lemma circ_vals_in_tuples:
  assumes "\<forall>j<p. in_P k (ar j) (\<omega> j)" "wf_circuit k p ar n gs" "xs \<in> tuples k n"
  shows "circ_vals \<omega> gs xs \<in> tuples k (n + length gs)"
  using assms(2)
proof (induction gs rule: rev_induct)
  case Nil
  then show ?case using assms(3) by (simp add: circ_vals_Nil)
next
  case (snoc g gs)
  then have "circ_vals \<omega> gs xs \<in> tuples k (n + length gs)"
    and "gate_apply \<omega> g (circ_vals \<omega> gs xs) < k"
    using assms(1) by (auto simp: wf_circuit_snoc intro: gate_apply_in_range)
  then show ?case by (simp add: circ_vals_snoc tuples_def)
qed

lemma descents_monotone_gate_subset_breaks:
  assumes "gate_ok k p ar (MGate h as)" "\<forall>i<r. V i \<in> tuples k N" "\<forall>a\<in>set as. a < N"
  shows "descents (gate_apply \<omega> (MGate h as)) V r \<subseteq> breaks V r"
proof
  fix i assume i: "i \<in> descents (gate_apply \<omega> (MGate h as)) V r"
  show "i \<in> breaks V r"
  proof (rule ccontr)
    assume "i \<notin> breaks V r"
    then have "tle (V i) (V (Suc i))" using i unfolding breaks_def descents_def by simp
    moreover have "V i \<in> tuples k N" "V (Suc i) \<in> tuples k N"
      using i assms(2) unfolding descents_def by auto
    ultimately have "tle (map (\<lambda>j. V i ! j) as) (map (\<lambda>j. V (Suc i) ! j) as)"
      "map (\<lambda>j. V i ! j) as \<in> tuples k (length as)"
      "map (\<lambda>j. V (Suc i) ! j) as \<in> tuples k (length as)"
      using assms(3) by (auto simp: tuples_def intro: tle_map_nth map_nth_in_tuples)
    then have "h (map (\<lambda>j. V i ! j) as) \<le> h (map (\<lambda>j. V (Suc i) ! j) as)"
      using assms(1) by (auto simp: monotone_fun_def)
    then show False using i unfolding descents_def by simp
  qed
qed

lemma card_descents_omega_gate:
  assumes "gate_ok k p ar (OGate j as)" "\<forall>i<r. V i \<in> tuples k N" "\<forall>a\<in>set as. a < N"
  shows "card (descents (gate_apply \<omega> (OGate j as)) V r - breaks V r)
    \<le> (card (breaks V r) + 1) * decrease k (ar j) {\<omega> j}"
proof -
  define y where "y i = map (\<lambda>a. V i ! a) as" for i
  have "descents (gate_apply \<omega> (OGate j as)) V r = descents (\<omega> j) y r"
    unfolding descents_def y_def by simp
  moreover have "card (descents (\<omega> j) y r - breaks V r) \<le> (card (breaks V r) + 1) * decrease k (ar j) {\<omega> j}"
  proof (rule card_descents_piecewise_monotone)
    show "breaks V r \<subseteq> {i. Suc i < r}" unfolding breaks_def by auto
    show "\<forall>i<r. y i \<in> tuples k (ar j)"
      using assms map_nth_in_tuples unfolding y_def by fastforce
    show "\<forall>i. Suc i < r \<and> i \<notin> breaks V r \<longrightarrow> tle (y i) (y (Suc i))"
      using assms(2,3) unfolding y_def breaks_def by (auto simp: tuples_def intro: tle_map_nth)
  qed
  ultimately show ?thesis by simp
qed

lemma card_breaks_circ_vals:
  assumes "\<forall>j<p. in_P k (ar j) (\<omega> j)" "\<forall>j<p. decrease k (ar j) {\<omega> j} \<le> D"
    and "\<forall>i<r. x i \<in> tuples k n" "\<forall>i. Suc i < r \<longrightarrow> tle (x i) (x (Suc i))"
    and "wf_circuit k p ar n gs"
  shows "card (breaks (\<lambda>i. circ_vals \<omega> gs (x i)) r) + 1 \<le> (D + 1) ^ circ_cost gs"
  using assms(5)
proof (induction gs rule: rev_induct)
  case Nil
  have "breaks (\<lambda>i. circ_vals \<omega> [] (x i)) r = {}"
    using assms(4) by (auto simp: breaks_def circ_vals_Nil)
  then show ?case by (simp add: circ_cost_def)
next
  case (snoc g gs)
  define V where "V i = circ_vals \<omega> gs (x i)" for i
  have wf: "wf_circuit k p ar n gs" "gate_ok k p ar g" "\<forall>a\<in>set (gate_args g). a < n + length gs"
    using snoc.prems by (auto simp: wf_circuit_snoc)
  have IH: "card (breaks V r) + 1 \<le> (D + 1) ^ circ_cost gs"
    using snoc.IH wf(1) unfolding V_def .
  have VT: "\<forall>i<r. V i \<in> tuples k (n + length gs)"
    using assms(1,3) wf(1) unfolding V_def by (auto intro: circ_vals_in_tuples)
  then have "breaks (\<lambda>i. circ_vals \<omega> (gs @ [g]) (x i)) r
      = breaks V r \<union> (descents (gate_apply \<omega> g) V r - breaks V r)"
    unfolding circ_vals_snoc V_def[symmetric]
    by (subst breaks_append_output[where N = "n + length gs"]) (auto simp: tuples_def)
  then have new: "card (breaks (\<lambda>i. circ_vals \<omega> (gs @ [g]) (x i)) r)
      \<le> card (breaks V r) + card (descents (gate_apply \<omega> g) V r - breaks V r)"
    by (metis card_Un_le)
  show ?case
  proof (cases g)
    case (MGate h as)
    then have "card (descents (gate_apply \<omega> g) V r - breaks V r) = 0"
      using descents_monotone_gate_subset_breaks[OF _ VT] wf by auto
    then have "card (breaks (\<lambda>i. circ_vals \<omega> (gs @ [g]) (x i)) r) \<le> card (breaks V r)"
      using new by linarith
    then show ?thesis using IH MGate by (simp add: circ_cost_snoc)
  next
    case (OGate j as)
    have "card (descents (gate_apply \<omega> g) V r - breaks V r)
        \<le> (card (breaks V r) + 1) * decrease k (ar j) {\<omega> j}"
      using card_descents_omega_gate[OF _ VT] wf OGate by simp
    also have "\<dots> \<le> (card (breaks V r) + 1) * D"
      using assms(2) wf(2) OGate by (intro mult_left_mono) auto
    finally have "card (breaks (\<lambda>i. circ_vals \<omega> (gs @ [g]) (x i)) r) + 1
        \<le> (card (breaks V r) + 1) * (D + 1)"
      using new by (simp add: algebra_simps)
    also have "\<dots> \<le> (D + 1) ^ circ_cost gs * (D + 1)"
      using IH by (rule mult_right_mono) simp
    finally show ?thesis using OGate by (simp add: circ_cost_snoc mult.commute)
  qed
qed

lemma chain_decrease_le_card_breaks:
  assumes "is_chain k n c" "realizes k \<omega> n gs F"
  shows "chain_decrease F c \<le> card (breaks (\<lambda>i. circ_vals \<omega> gs (c ! i)) (length c))"
  unfolding chain_decrease_def
proof (rule card_mono)
  show "{i. Suc i < length c \<and> is_jump F (c ! i) (c ! Suc i)}
      \<subseteq> breaks (\<lambda>i. circ_vals \<omega> gs (c ! i)) (length c)"
  proof clarify
    fix i assume i: "Suc i < length c" "is_jump F (c ! i) (c ! Suc i)"
    then obtain f where f: "f \<in> F" "f (c ! Suc i) < f (c ! i)"
      unfolding is_jump_def by auto
    then obtain v where v: "v < n + length gs" "\<forall>xs\<in>tuples k n. circ_vals \<omega> gs xs ! v = f xs"
      using assms(2) unfolding realizes_def by blast
    have c: "c ! i \<in> tuples k n" "c ! Suc i \<in> tuples k n"
      using assms(1) i(1) unfolding is_chain_def by auto
    have "\<not> tle (circ_vals \<omega> gs (c ! i)) (circ_vals \<omega> gs (c ! Suc i))"
    proof
      assume "tle (circ_vals \<omega> gs (c ! i)) (circ_vals \<omega> gs (c ! Suc i))"
      then have "circ_vals \<omega> gs (c ! i) ! v \<le> circ_vals \<omega> gs (c ! Suc i) ! v"
        using v(1) c by (intro tle_nth) (auto simp: length_circ_vals tuples_def)
      then show False using v(2) c f(2) by simp
    qed
    then show "i \<in> breaks (\<lambda>i. circ_vals \<omega> gs (c ! i)) (length c)"
      using i(1) unfolding breaks_def by simp
  qed
qed simp

lemma nat_ceiling_log_le:
  fixes a D t :: nat assumes "a + 1 \<le> (D + 1) ^ t"
  shows "nat \<lceil>log (real (D + 1)) (real (a + 1))\<rceil> \<le> t"
proof (cases "D = 0")
  case True
  then show ?thesis by (simp add: log_def)
next
  case False
  then have base: "1 < real (D + 1)" by simp
  have "real (a + 1) \<le> real (D + 1) ^ t" using assms by (metis of_nat_le_iff of_nat_power)
  then have "log (real (D + 1)) (real (a + 1)) \<le> real t"
    using base by (subst log_le_iff) (auto simp: powr_realpow)
  then show ?thesis by (simp add: ceiling_le_iff nat_le_iff)
qed

theorem theorem1:
  fixes k p n :: nat and \<omega> :: "nat \<Rightarrow> nat list \<Rightarrow> nat" and ar :: "nat \<Rightarrow> nat"
    and F :: "(nat list \<Rightarrow> nat) set"
  assumes "k \<ge> 2" and "p \<ge> 1"
    and "\<forall>i<p. in_P k (ar i) (\<omega> i) \<and> \<not> monotone_fun k (ar i) (\<omega> i)"
    and "finite F" and "\<forall>f\<in>F. in_P k n f"
  shows "I_B k p \<omega> ar n F \<ge>
     enat (nat \<lceil>log (real (decrease_B k p \<omega> ar + 1)) (real (decrease k n F + 1))\<rceil>)"
  \<comment> \<open>Only the range condition on the \<open>\<omega>\<^sub>i\<close> is needed; for \<open>d(B) = 0\<close> the logarithm is junk (0).\<close>
proof -
  let ?D = "decrease_B k p \<omega> ar"
  have range: "\<forall>j<p. in_P k (ar j) (\<omega> j)" using assms(3) by simp
  have dec: "\<forall>j<p. decrease k (ar j) {\<omega> j} \<le> ?D"
    unfolding decrease_B_def by (auto intro: Max_ge)
  obtain c where c: "is_chain k n c" "chain_decrease F c = decrease k n F"
    by (rule decrease_attained)
  then have "\<forall>i<length c. c ! i \<in> tuples k n" "\<forall>i. Suc i < length c \<longrightarrow> tle (c ! i) (c ! Suc i)"
    unfolding is_chain_def by auto
  note breaks_bound = card_breaks_circ_vals[OF range dec this]
  show ?thesis unfolding I_B_def
  proof (rule INF_greatest)
    fix gs assume "gs \<in> {gs. wf_circuit k p ar n gs \<and> realizes k \<omega> n gs F}"
    then have wf: "wf_circuit k p ar n gs" and re: "realizes k \<omega> n gs F" by auto
    have "decrease k n F + 1 \<le> card (breaks (\<lambda>i. circ_vals \<omega> gs (c ! i)) (length c)) + 1"
      using chain_decrease_le_card_breaks[OF c(1) re] c(2) by simp
    also have "\<dots> \<le> (?D + 1) ^ circ_cost gs" using breaks_bound wf .
    finally show "enat (nat \<lceil>log (real (?D + 1)) (real (decrease k n F + 1))\<rceil>) \<le> enat (circ_cost gs)"
      using nat_ceiling_log_le by simp
  qed
qed

end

(What the exercise asks) Whenever a line above includes "define", copy it in full.

(Problem solution)
  define y where "y i = map (\<lambda>a. V i ! a) as" for i
  define V where "V i = circ_vals \<omega> gs (x i)" for i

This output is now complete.